* What is needed:
Please restate, word for word, the lines below that begin at the one with "set \<Rightarrow> ('b" and end at the one with "(* Let $M$ be". Leave out all other lines.

* Material provided:
# # #
text \<open>Strands colored from a seed set E by repeated coloring moves
(either understrand may play the role of u1).\<close>

inductive_set colored_from :: "nat \<Rightarrow> (nat \<Rightarrow> nat) \<Rightarrow> nat set \<Rightarrow> nat set"
  for N ov E where
  seed: "e \<in> E \<Longrightarrow> e \<in> colored_from N ov E"
| move1: "(a, u1, u2) \<in> crossings N ov \<Longrightarrow> a \<in> colored_from N ov E \<Longrightarrow>
          u1 \<in> colored_from N ov E \<Longrightarrow> u2 \<in> colored_from N ov E"
| move2: "(a, u1, u2) \<in> crossings N ov \<Longrightarrow> a \<in> colored_from N ov E \<Longrightarrow>
          u2 \<in> colored_from N ov E \<Longrightarrow> u1 \<in> colored_from N ov E"

definition generating_seeds :: "nat \<Rightarrow> (nat \<Rightarrow> nat) \<Rightarrow> nat set \<Rightarrow> bool" where
  "generating_seeds N ov E \<longleftrightarrow> E \<subseteq> {..<N} \<and> colored_from N ov E = {..<N}"

definition wirtinger_number :: "nat \<Rightarrow> (nat \<Rightarrow> nat) \<Rightarrow> nat" where
  "wirtinger_number N ov = (LEAST k. \<exists>E. generating_seeds N ov E \<and> card E = k)"

text \<open>Coxeter matrix on generators S; m s t = 0 encodes the label infinity
(no relation).\<close>

definition coxeter_matrix :: "'b set \<Rightarrow> ('b \<Rightarrow> 'b \<Rightarrow> nat) \<Rightarrow> bool" where
  "coxeter_matrix S m \<longleftrightarrow>
     (\<forall>s\<in>S. m s s = 1) \<and> (\<forall>s\<in>S. \<forall>t\<in>S. m s t = m t s) \<and>
     (\<forall>s\<in>S. \<forall>t\<in>S. s \<noteq> t \<longrightarrow> m s t \<noteq> 1)"
(* Let $M$ be a simple restricted $\bar{\mathfrak D}$-module with central charge $c$ and level $\ell\ne0$. If $r_M=-\infty$, then $M=K(z)^{\bar{\mathfrak D}}$ for some $z\in\mathbb C$ (i.e. $K=M$ and the $\bar{\mathfrak D}$-action is the one defining $K(z)^{\bar{\mathfrak D}}$). Hence $c=1-\frac{12z^2}{\ell}$ and $K$ is a simple $\bar{\mathfrak h}$-module.
   Context: $\bar{\mathfrak D}$ has basis $\{d_m,h_r,\bar c_1,\bar c_2,\bar c_3:m,r\in\mathbb Z\}$, brackets $[d_m,d_n]=(m-n)d_{m+n}+\delta_{m+n,0}\frac{m^3-m}{12}\bar c_1$, $[d_m,h_r]=-rh_{m+r}+\delta_{m+r,0}(m^2+m)\bar c_2$, $[h_r,h_s]=r\delta_{r+s,0}\bar c_3$, $\bar c_i$ central; $\bar{\mathfrak h}=\mathrm{span}\{h_r,\bar c_3\}$. Restricted: each vector killed by $d_i,h_i$ for large $i$. Central charge $c$: $\bar c_1$ acts as $c$; level $\ell$: $\bar c_3$ acts as $\ell$. For $z\in\mathbb C$ and a restricted $\bar{\mathfrak h}$-module $H$ of level $\ell\ne0$, $H(z)^{\bar{\mathfrak D}}$ is $H$ with $\bar c_1\mapsto1-\frac{12z^2}{\ell}$, $\bar c_2\mapsto z$, $d_n\mapsto\bar L_n=\frac1{2\ell}\sum_{k\in\mathbb Z}{:}h_{n-k}h_k{:}+\frac{(n+1)z}{\ell}h_n$, where ${:}h_rh_s{:}=h_rh_s$ if $r\le s$, $=h_sh_r$ otherwise. Invariants: with $\bar{\mathfrak h}_{\ge r}=\bigoplus_{i\ge0}\mathbb Ch_{r+i}$: $M(r)=\mathrm{Ann}_M(\bar{\mathfrak h}_{\ge r})$, $n_M=\min\{r:M(r)\ne0\}$, $M_0=M(n_M)$. With $z_M$ the scalar of $\bar c_2$ on $M$, let $\bar L_n$ (with $z=z_M$) act on $M$ and $d'_n=d_n-\bar L_n$; $Y_n=\bigcap_{p\ge n}\mathrm{Ann}_{M_0}(d'_p)$, $r_M=\min\{n\in\mathbb Z:Y_n\ne0\}$, or $-\infty$ if all $Y_n\ne0$; $K_0=\bigcap_nY_n$ when $r_M=-\infty$; $K=U(\bar{\mathfrak h})K_0$. *)

theory Defs
  imports Main "HOL.Complex"
begin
# # #
* Response area:
definition coxeter_matrix :: "'b set \<Rightarrow> ('b \<Rightarrow> 'b \<Rightarrow> nat) \<Rightarrow> bool" where
  "coxeter_matrix S m \<longleftrightarrow>
     (\<forall>s\<in>S. m s s = 1) \<and> (\<forall>s\<in>S. \<forall>t\<in>S. m s t = m t s) \<and>
     (\<forall>s\<in>S. \<forall>t\<in>S. s \<noteq> t \<longrightarrow> m s t \<noteq> 1)"
(* Let $M$ be a simple restricted $\bar{\mathfrak D}$-module with central charge $c$ and level $\ell\ne0$. If $r_M=-\infty$, then $M=K(z)^{\bar{\mathfrak D}}$ for some $z\in\mathbb C$ (i.e. $K=M$ and the $\bar{\mathfrak D}$-action is the one defining $K(z)^{\bar{\mathfrak D}}$). Hence $c=1-\frac{12z^2}{\ell}$ and $K$ is a simple $\bar{\mathfrak h}$-module.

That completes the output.